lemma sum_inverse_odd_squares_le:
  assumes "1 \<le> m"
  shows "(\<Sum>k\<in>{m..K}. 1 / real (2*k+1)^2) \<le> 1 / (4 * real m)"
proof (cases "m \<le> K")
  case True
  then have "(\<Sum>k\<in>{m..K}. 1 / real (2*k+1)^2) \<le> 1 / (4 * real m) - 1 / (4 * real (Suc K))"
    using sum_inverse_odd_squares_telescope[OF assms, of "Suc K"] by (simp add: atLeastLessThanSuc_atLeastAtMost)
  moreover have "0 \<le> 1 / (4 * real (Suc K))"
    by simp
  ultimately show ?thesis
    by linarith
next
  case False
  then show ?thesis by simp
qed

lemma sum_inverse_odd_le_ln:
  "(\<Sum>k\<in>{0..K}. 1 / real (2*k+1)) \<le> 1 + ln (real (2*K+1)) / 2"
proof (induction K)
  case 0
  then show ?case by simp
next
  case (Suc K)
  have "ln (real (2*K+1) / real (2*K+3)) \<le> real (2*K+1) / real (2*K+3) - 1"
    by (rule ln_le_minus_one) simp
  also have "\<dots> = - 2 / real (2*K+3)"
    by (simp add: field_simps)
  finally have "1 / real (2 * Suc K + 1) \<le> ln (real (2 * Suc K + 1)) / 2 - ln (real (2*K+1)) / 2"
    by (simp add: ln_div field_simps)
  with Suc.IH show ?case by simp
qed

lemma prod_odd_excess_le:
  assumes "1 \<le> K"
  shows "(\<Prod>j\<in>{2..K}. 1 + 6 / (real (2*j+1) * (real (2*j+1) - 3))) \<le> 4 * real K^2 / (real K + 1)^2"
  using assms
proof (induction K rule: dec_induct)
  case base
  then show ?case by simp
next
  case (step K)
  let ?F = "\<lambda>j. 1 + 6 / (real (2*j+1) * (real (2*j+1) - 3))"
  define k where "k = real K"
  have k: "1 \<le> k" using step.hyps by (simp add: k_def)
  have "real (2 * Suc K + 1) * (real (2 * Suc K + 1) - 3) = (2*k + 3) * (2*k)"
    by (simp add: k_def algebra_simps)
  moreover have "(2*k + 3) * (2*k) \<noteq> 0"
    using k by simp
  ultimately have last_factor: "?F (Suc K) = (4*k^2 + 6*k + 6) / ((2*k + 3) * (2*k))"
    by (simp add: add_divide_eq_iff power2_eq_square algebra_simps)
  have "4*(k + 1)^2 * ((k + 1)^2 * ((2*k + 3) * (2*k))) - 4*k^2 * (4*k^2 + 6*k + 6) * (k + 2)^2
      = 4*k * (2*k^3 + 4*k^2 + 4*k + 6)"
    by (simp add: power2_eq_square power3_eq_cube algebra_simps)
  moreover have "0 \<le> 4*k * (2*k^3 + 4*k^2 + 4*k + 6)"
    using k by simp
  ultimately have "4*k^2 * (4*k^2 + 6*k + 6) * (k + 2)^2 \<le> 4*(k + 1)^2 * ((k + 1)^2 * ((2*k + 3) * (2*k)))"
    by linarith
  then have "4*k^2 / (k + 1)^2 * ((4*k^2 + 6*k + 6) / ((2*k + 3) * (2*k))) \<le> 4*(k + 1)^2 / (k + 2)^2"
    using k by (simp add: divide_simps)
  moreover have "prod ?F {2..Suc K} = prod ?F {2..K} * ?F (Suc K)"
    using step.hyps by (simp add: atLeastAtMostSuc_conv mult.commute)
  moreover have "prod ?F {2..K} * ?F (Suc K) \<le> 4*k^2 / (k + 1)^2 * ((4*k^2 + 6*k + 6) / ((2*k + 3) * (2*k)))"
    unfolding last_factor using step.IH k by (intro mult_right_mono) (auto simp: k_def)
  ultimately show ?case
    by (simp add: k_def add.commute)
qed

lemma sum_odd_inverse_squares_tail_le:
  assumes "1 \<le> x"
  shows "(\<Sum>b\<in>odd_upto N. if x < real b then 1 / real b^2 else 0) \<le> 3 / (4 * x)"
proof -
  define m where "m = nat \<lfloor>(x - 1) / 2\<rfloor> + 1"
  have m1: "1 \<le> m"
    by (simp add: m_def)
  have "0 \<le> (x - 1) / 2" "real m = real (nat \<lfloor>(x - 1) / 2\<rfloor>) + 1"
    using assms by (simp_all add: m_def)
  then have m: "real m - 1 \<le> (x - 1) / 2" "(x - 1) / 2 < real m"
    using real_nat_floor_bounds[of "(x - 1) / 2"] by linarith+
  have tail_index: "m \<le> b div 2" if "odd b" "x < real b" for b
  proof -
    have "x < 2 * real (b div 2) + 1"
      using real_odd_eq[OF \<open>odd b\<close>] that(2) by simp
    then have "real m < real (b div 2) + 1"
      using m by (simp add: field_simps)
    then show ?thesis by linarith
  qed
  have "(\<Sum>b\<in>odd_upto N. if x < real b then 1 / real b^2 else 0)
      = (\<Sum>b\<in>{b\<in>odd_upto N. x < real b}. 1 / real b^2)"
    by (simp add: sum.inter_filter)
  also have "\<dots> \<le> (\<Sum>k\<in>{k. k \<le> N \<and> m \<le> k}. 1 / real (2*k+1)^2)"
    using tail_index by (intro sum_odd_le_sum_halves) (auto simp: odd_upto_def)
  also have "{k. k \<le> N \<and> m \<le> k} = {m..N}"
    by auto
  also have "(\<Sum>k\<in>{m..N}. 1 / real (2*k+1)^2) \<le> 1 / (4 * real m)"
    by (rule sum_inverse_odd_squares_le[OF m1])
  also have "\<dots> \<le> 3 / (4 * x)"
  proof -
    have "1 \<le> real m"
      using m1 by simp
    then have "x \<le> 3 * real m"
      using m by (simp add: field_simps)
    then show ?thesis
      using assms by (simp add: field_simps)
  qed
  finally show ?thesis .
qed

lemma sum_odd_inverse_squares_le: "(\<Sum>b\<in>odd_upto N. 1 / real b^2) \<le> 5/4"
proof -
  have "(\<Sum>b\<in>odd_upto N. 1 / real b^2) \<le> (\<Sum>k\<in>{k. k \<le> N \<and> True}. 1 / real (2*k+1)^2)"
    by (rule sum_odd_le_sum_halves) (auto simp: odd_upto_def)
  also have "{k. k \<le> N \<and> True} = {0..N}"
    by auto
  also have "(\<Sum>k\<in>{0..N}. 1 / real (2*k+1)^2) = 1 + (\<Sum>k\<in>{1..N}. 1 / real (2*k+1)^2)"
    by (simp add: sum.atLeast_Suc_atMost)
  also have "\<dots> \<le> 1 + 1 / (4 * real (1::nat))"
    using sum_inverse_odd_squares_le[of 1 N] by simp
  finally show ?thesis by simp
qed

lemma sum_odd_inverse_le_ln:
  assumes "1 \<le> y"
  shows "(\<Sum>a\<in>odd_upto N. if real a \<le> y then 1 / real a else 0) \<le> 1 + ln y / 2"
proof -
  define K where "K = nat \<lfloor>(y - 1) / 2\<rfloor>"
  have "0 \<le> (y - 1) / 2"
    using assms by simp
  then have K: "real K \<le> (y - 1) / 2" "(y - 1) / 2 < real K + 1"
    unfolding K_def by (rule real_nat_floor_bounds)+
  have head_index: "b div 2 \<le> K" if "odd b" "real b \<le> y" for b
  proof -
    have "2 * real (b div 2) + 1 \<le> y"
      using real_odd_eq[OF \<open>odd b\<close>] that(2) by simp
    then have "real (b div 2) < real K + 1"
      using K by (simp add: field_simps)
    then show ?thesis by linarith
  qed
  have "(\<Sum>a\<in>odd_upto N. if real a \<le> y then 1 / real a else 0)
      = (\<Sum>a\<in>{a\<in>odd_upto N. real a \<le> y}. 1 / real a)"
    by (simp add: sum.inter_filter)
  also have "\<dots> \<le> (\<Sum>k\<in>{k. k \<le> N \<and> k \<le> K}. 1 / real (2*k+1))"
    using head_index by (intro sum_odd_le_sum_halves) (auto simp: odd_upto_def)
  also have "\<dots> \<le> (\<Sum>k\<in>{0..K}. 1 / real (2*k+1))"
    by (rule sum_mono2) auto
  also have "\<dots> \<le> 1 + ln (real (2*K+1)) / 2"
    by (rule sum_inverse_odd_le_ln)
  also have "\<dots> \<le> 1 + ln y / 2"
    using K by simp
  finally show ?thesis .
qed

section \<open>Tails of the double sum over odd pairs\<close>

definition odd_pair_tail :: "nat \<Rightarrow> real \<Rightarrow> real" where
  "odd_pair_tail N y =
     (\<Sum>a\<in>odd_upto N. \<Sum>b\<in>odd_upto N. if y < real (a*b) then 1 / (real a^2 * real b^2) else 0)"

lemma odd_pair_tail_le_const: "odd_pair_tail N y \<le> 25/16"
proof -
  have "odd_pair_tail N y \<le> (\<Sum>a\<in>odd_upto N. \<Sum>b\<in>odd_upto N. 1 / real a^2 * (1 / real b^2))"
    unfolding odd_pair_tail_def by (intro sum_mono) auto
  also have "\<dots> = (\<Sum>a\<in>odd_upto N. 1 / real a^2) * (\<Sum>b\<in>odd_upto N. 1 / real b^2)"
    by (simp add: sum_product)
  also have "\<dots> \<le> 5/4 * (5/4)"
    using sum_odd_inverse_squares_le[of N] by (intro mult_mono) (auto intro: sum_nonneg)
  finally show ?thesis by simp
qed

------------------------------

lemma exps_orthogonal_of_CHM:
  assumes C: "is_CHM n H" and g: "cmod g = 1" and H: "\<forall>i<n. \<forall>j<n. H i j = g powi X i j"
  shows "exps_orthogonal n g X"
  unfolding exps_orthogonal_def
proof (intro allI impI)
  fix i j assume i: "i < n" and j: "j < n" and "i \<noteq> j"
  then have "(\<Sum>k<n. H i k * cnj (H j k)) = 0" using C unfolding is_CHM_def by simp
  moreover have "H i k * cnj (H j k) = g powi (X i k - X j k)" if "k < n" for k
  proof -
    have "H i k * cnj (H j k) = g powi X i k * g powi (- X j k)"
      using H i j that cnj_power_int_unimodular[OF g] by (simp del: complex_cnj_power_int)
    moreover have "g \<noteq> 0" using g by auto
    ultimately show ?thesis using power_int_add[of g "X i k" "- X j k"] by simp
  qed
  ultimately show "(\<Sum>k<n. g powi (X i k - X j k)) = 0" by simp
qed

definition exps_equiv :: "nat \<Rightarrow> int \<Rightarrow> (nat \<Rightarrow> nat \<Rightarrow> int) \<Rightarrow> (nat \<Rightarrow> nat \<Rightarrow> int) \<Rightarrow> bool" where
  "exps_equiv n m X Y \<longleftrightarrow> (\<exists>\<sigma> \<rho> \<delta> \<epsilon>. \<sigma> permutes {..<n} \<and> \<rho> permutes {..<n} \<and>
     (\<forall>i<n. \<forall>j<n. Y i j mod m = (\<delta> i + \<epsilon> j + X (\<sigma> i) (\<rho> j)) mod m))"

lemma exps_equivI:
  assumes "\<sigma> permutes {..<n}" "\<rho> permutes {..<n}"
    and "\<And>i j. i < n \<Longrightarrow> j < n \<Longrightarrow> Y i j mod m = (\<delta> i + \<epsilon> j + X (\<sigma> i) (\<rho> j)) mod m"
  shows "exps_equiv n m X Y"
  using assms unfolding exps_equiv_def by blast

------------------------------

> ASSIGNED TASK
Please go over the data above and copy each line with "where" in it.

> FINAL ANSWER
  define k where "k = real K"
  define m where "m = nat \<lfloor>(x - 1) / 2\<rfloor> + 1"
  define K where "K = nat \<lfloor>(y - 1) / 2\<rfloor>"
definition odd_pair_tail :: "nat \<Rightarrow> real \<Rightarrow> real" where
definition exps_equiv :: "nat \<Rightarrow> int \<Rightarrow> (nat \<Rightarrow> nat \<Rightarrow> int) \<Rightarrow> (nat \<Rightarrow> nat \<Rightarrow> int) \<Rightarrow> bool" where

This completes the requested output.